lemma is_cycle_periodic:
  assumes "is_cycle V E c"
  defines "f \<equiv> \<lambda>t. c ! (t mod length c)"
  shows "f (t + length c) = f t" "E (f t) (f (Suc t))" "f (Suc (Suc t)) \<noteq> f t" "f t \<in> set c"
    and "v \<in> set c \<Longrightarrow> \<exists>j. f j = v"
proof -
  let ?n = "length c"
  have "3 \<le> ?n" "distinct c"
    using assms(1) by (simp_all add: is_cycle_def)
  then have idx: "t mod ?n < ?n" for t
    by (intro mod_less_divisor) linarith
  show "f (t + ?n) = f t"
    by (simp add: f_def)
  have "E (c ! (t mod ?n)) (c ! (Suc (t mod ?n) mod ?n))"
    using assms(1) idx[of t] unfolding is_cycle_def by simp
  then show "E (f t) (f (Suc t))"
    by (simp add: f_def mod_Suc_eq)
  have "Suc (Suc t) mod ?n \<noteq> t mod ?n"
  proof
    assume "Suc (Suc t) mod ?n = t mod ?n"
    then have "?n dvd Suc (Suc t) - t"
      using mod_eq_dvd_iff_nat[of t "Suc (Suc t)" ?n] by simp
    then have "?n \<le> 2"
      by (simp add: dvd_imp_le)
    with \<open>3 \<le> ?n\<close> show False
      by simp
  qed
  then show "f (Suc (Suc t)) \<noteq> f t"
    using \<open>distinct c\<close> idx by (simp add: f_def nth_eq_iff_index_eq)
  show "f t \<in> set c"
    using idx by (simp add: f_def)
  show "\<exists>j. f j = v" if v: "v \<in> set c"
  proof -
    obtain j where "j < ?n" "c ! j = v"
      using v by (auto simp: in_set_conv_nth)
    then show ?thesis
      by (intro exI[of _ j]) (simp add: f_def)
  qed
qed

lemma hop_dist_along_walk:
  assumes sg: "simple_graph V E" and edge: "\<And>t. E (f t) (f (Suc t))"
  shows "hop_dist V E s (f (t + n)) \<le> hop_dist V E s (f t) + enat n"
    and "hop_dist V E s (f t) \<le> hop_dist V E s (f (t + n)) + enat n"
proof -
  let ?d = "hop_dist V E s"
  show "?d (f (t + n)) \<le> ?d (f t) + enat n"
  proof (induction n)
    case (Suc n)
    have "?d (f (t + Suc n)) \<le> ?d (f (t + n)) + 1"
      using hop_dist_edge[OF sg edge[of "t + n"]] by simp
    also have "\<dots> \<le> ?d (f t) + enat (Suc n)"
      using add_right_mono[OF Suc.IH, of 1] by (simp add: one_enat_def add.assoc)
    finally show ?case .
  qed (simp add: zero_enat_def[symmetric])
  show "?d (f t) \<le> ?d (f (t + n)) + enat n"
  proof (induction n)
    case (Suc n)
    have "E (f (t + Suc n)) (f (t + n))"
      using simple_graph_edge[OF sg edge[of "t + n"]] by simp
    then have "?d (f (t + n)) \<le> ?d (f (t + Suc n)) + 1"
      by (rule hop_dist_edge[OF sg])
    from Suc.IH have "?d (f t) \<le> ?d (f (t + n)) + enat n" .
    also have "\<dots> \<le> ?d (f (t + Suc n)) + 1 + enat n"
      by (rule add_right_mono) fact
    also have "\<dots> = ?d (f (t + Suc n)) + enat (Suc n)"
      by (simp add: one_enat_def add.assoc)
    finally show ?case .
  qed (simp add: zero_enat_def[symmetric])
qed

lemma periodic_offset:
  fixes f :: "nat \<Rightarrow> 'a"
  assumes "0 < g" and periodic: "\<And>t. f (t + g) = f t"
  obtains i where "i < g" "f (b + i) = f a" "f (b + Suc i) = f (Suc a)"
proof
  define i where "i = (a + (g - b mod g)) mod g"
  show "i < g"
    using \<open>0 < g\<close> by (simp add: i_def)
  have "b mod g < g"
    using \<open>0 < g\<close> by simp
  moreover have "b = b div g * g + b mod g" "(b div g + 1) * g = b div g * g + g"
    by simp_all
  ultimately have "b + (a + (g - b mod g)) = a + (b div g + 1) * g"
    by linarith
  then have "(b + i) mod g = a mod g"
    unfolding i_def by (metis mod_add_right_eq mod_mult_self1)
  then show "f (b + i) = f a" "f (b + Suc i) = f (Suc a)"
    using periodic_mod[of f g, OF periodic] by (metis, metis add_Suc_right mod_Suc_eq)
qed

lemma hop_dist_periodic_walk:
  assumes sg: "simple_graph V E" and "0 < g" and periodic: "\<And>t. f (t + g) = f t"
    and edge: "\<And>t. E (f t) (f (Suc t))"
  shows "hop_dist V E s (f a) + hop_dist V E s (f (Suc a)) + 1 \<le> 2 * hop_dist V E s (f b) + enat g"
proof -
  let ?d = "hop_dist V E s"
  \<comment> \<open>walk i steps forward from f b to f a, and the remaining g - i - 1 steps backward to f (Suc a)\<close>
  obtain i where "i < g" "f (b + i) = f a" "f (b + Suc i) = f (Suc a)"
    using periodic_offset[of g f, OF \<open>0 < g\<close> periodic] .
  then have "?d (f a) \<le> ?d (f b) + enat i"
    and "?d (f (Suc a)) \<le> ?d (f b) + enat (g - Suc i)"
    using hop_dist_along_walk(1)[where f = f and s = s and t = b and n = i, OF sg edge]
      hop_dist_along_walk(2)[where f = f and s = s and t = "b + Suc i" and n = "g - Suc i",
        OF sg edge]
      periodic[of b]
    by simp_all
  then have "?d (f a) + ?d (f (Suc a)) + 1
      \<le> (?d (f b) + enat i) + (?d (f b) + enat (g - Suc i)) + 1"
    by (intro add_mono) simp_all
  also have "\<dots> = 2 * ?d (f b) + enat (i + (g - Suc i) + 1)"
    by (simp add: mult_2 one_enat_def ac_simps)
  also have "i + (g - Suc i) + 1 = g"
    using \<open>i < g\<close> by simp
  finally show ?thesis .
qed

::::::::::

Task item: Only the lines containing "unfolding" are needed; pull them out of the listing.

Your response:
    using assms(1) idx[of t] unfolding is_cycle_def by simp
    unfolding i_def by (metis mod_add_right_eq mod_mult_self1)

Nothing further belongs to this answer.